No Thank You! (2025) by Dahn Gim
Large-Scale Installation
No Thank You! is a tapestry suspended from the ceiling, crafted from fused recycled plastic bags. This artwork transforms everyday waste into a vibrant and captivating piece. As it sways gently, it prompts introspection on the excesses of capitalism and the often-overlooked environmental consequences of our consumption habits.
Godai, the great 5 by robert tom
Interactive Outdoor Installation
Godai, the great 5 represents the five elements: earth, water, fire, wind, and the void.
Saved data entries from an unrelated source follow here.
(* Let $Q$ be a non-degenerate non-definite hermitian form on $\mathbb{C}^N$, and let $(w_1,\dots,w_N)$ be a basis of $\mathbb{C}^N$ with $Q(w_i)=0$ for $1\le i\le N$ and $Q(w_i,w_j)\ne0$ for $1\le i\ne j\le N$. Let $G_i$ be the stabilizer of $w_i$ in $SU(Q)$. Then the smallest closed subgroup of $SU(Q)$ containing $G_1,\dots,G_N$ is $SU(Q)$.
   Context: $Q(u)$ denotes $Q(u,u)$; $SU(Q)$ is the group of determinant-one linear automorphisms of $\mathbb{C}^N$ preserving $Q$; "closed" refers to the usual topology. *)

theory Defs
  imports "HOL-Analysis.Analysis"
begin

text \<open>Hermitian forms on C^N, with N given by a finite index type 'n.
  Convention: linear in the first argument, conjugate-linear in the second.\<close>

definition hermitian_form :: "(complex^'n \<Rightarrow> complex^'n \<Rightarrow> complex) \<Rightarrow> bool" where
  "hermitian_form Q \<longleftrightarrow>
     (\<forall>u u' v. Q (u + u') v = Q u v + Q u' v) \<and>
     (\<forall>c u v. Q (c *s u) v = c * Q u v) \<and>
     (\<forall>u v. Q v u = cnj (Q u v))"

definition nondegenerate_form :: "(complex^'n \<Rightarrow> complex^'n \<Rightarrow> complex) \<Rightarrow> bool" where
  "nondegenerate_form Q \<longleftrightarrow> (\<forall>u. (\<forall>v. Q u v = 0) \<longrightarrow> u = 0)"

text \<open>Non-definite: Q(u)=Q(u,u) (real for a hermitian form) takes both signs.\<close>
definition nondefinite_form :: "(complex^'n \<Rightarrow> complex^'n \<Rightarrow> complex) \<Rightarrow> bool" where
  "nondefinite_form Q \<longleftrightarrow> (\<exists>u v. Re (Q u u) > 0 \<and> Re (Q v v) < 0)"

definition SU_form :: "(complex^'n \<Rightarrow> complex^'n \<Rightarrow> complex) \<Rightarrow> (complex^'n^'n) set" where
  "SU_form Q = {A. det A = 1 \<and> (\<forall>u v. Q (A *v u) (A *v v) = Q u v)}"

definition stabilizer_SU ::
  "(complex^'n \<Rightarrow> complex^'n \<Rightarrow> complex) \<Rightarrow> complex^'n \<Rightarrow> (complex^'n^'n) set" where
  "stabilizer_SU Q w = {A \<in> SU_form Q. A *v w = w}"

definition matrix_subgroup :: "(complex^'n^'n) set \<Rightarrow> bool" where
  "matrix_subgroup H \<longleftrightarrow> mat 1 \<in> H \<and> (\<forall>A\<in>H. \<forall>B\<in>H. A ** B \<in> H)
      \<and> (\<forall>A\<in>H. invertible A \<and> matrix_inv A \<in> H)"

definition closed_subgroup_generated ::
  "(complex^'n \<Rightarrow> complex^'n \<Rightarrow> complex) \<Rightarrow> (complex^'n^'n) set \<Rightarrow> (complex^'n^'n) set" where
  "closed_subgroup_generated Q S =
     \<Inter>{H. H \<subseteq> SU_form Q \<and> matrix_subgroup H \<and> closed H \<and> S \<subseteq> H}"

end

theory Submission
  imports Defs "HOL-Computational_Algebra.Fundamental_Theorem_Algebra"
begin

(* Already the abstract subgroup H generated by the stabilizers G_e, G_f of two vectors e, f with
   Q(e) = Q(f) = 0 and Q(e,f) = 1 is all of SU(Q). Eichler transvections in G_e and G_f move g e
   back onto the line of e for every g in SU(Q); since G_e <= H, it then suffices to find, for every
   scalar alpha arising this way, an element of H scaling e by alpha. A product of three
   transvections from G_f, G_e, G_f does this when alpha is real, or when some anisotropic vector
   is orthogonal to e and f. In the remaining case e and f span C^N, and a determinant computation
   shows alpha / cnj alpha = 1, so alpha is real after all. *)

lemma det_pencil_poly:
  fixes A B :: "complex^'n^'n"
  shows "\<exists>P. \<forall>t. det (\<chi> i j. A$i$j + t * B$i$j) = poly P t"
proof -
  define P where "P = (\<Sum>p\<in>{p. p permutes (UNIV::'n set)}.
      smult (of_int (sign p)) (\<Prod>i\<in>UNIV. [:A$i$p i, B$i$p i:]))"
  have "\<forall>t. det (\<chi> i j. A$i$j + t * B$i$j) = poly P t"
    by (simp add: P_def det_def poly_sum poly_prod)
  then show ?thesis by blast
qed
each element relies on each other to find balance within our lives and with others. the "void" is the empty space, it is stillness—silence. it becomes the door to connect to oneness…
Disrupted Views
Interactive Virtual Reality Lab
Visitors will endeavor into curated virtual reality experiences that displace and disrupt the viewer’s notions of the world they inhabit, challenging what is “known” about environments and self.
About Augsburg
Augsburg University educates students to be informed citizens, thoughtful stewards, critical thinkers, and responsible leaders. The Augsburg experience is supported by an engaged community that is committed to intentional diversity in its life and work. An Augsburg education is defined by excellence in the liberal arts and professional studies, guided by the faith and values of the Lutheran church, and shaped by its urban and global settings.
About the Schwartz School
The Schwartz School of the Arts is a place of creative exchange where students learn artistic responsibility and cultivate individual agency. At the Schwartz School we recognize that creative work flourishes best in an environment balancing independence, vulnerability, and joy. The school advocates self-discipline in practice, candor in collaboration, rigor in questioning, and exuberance in play, toward the goal of “a life changed through the arts.”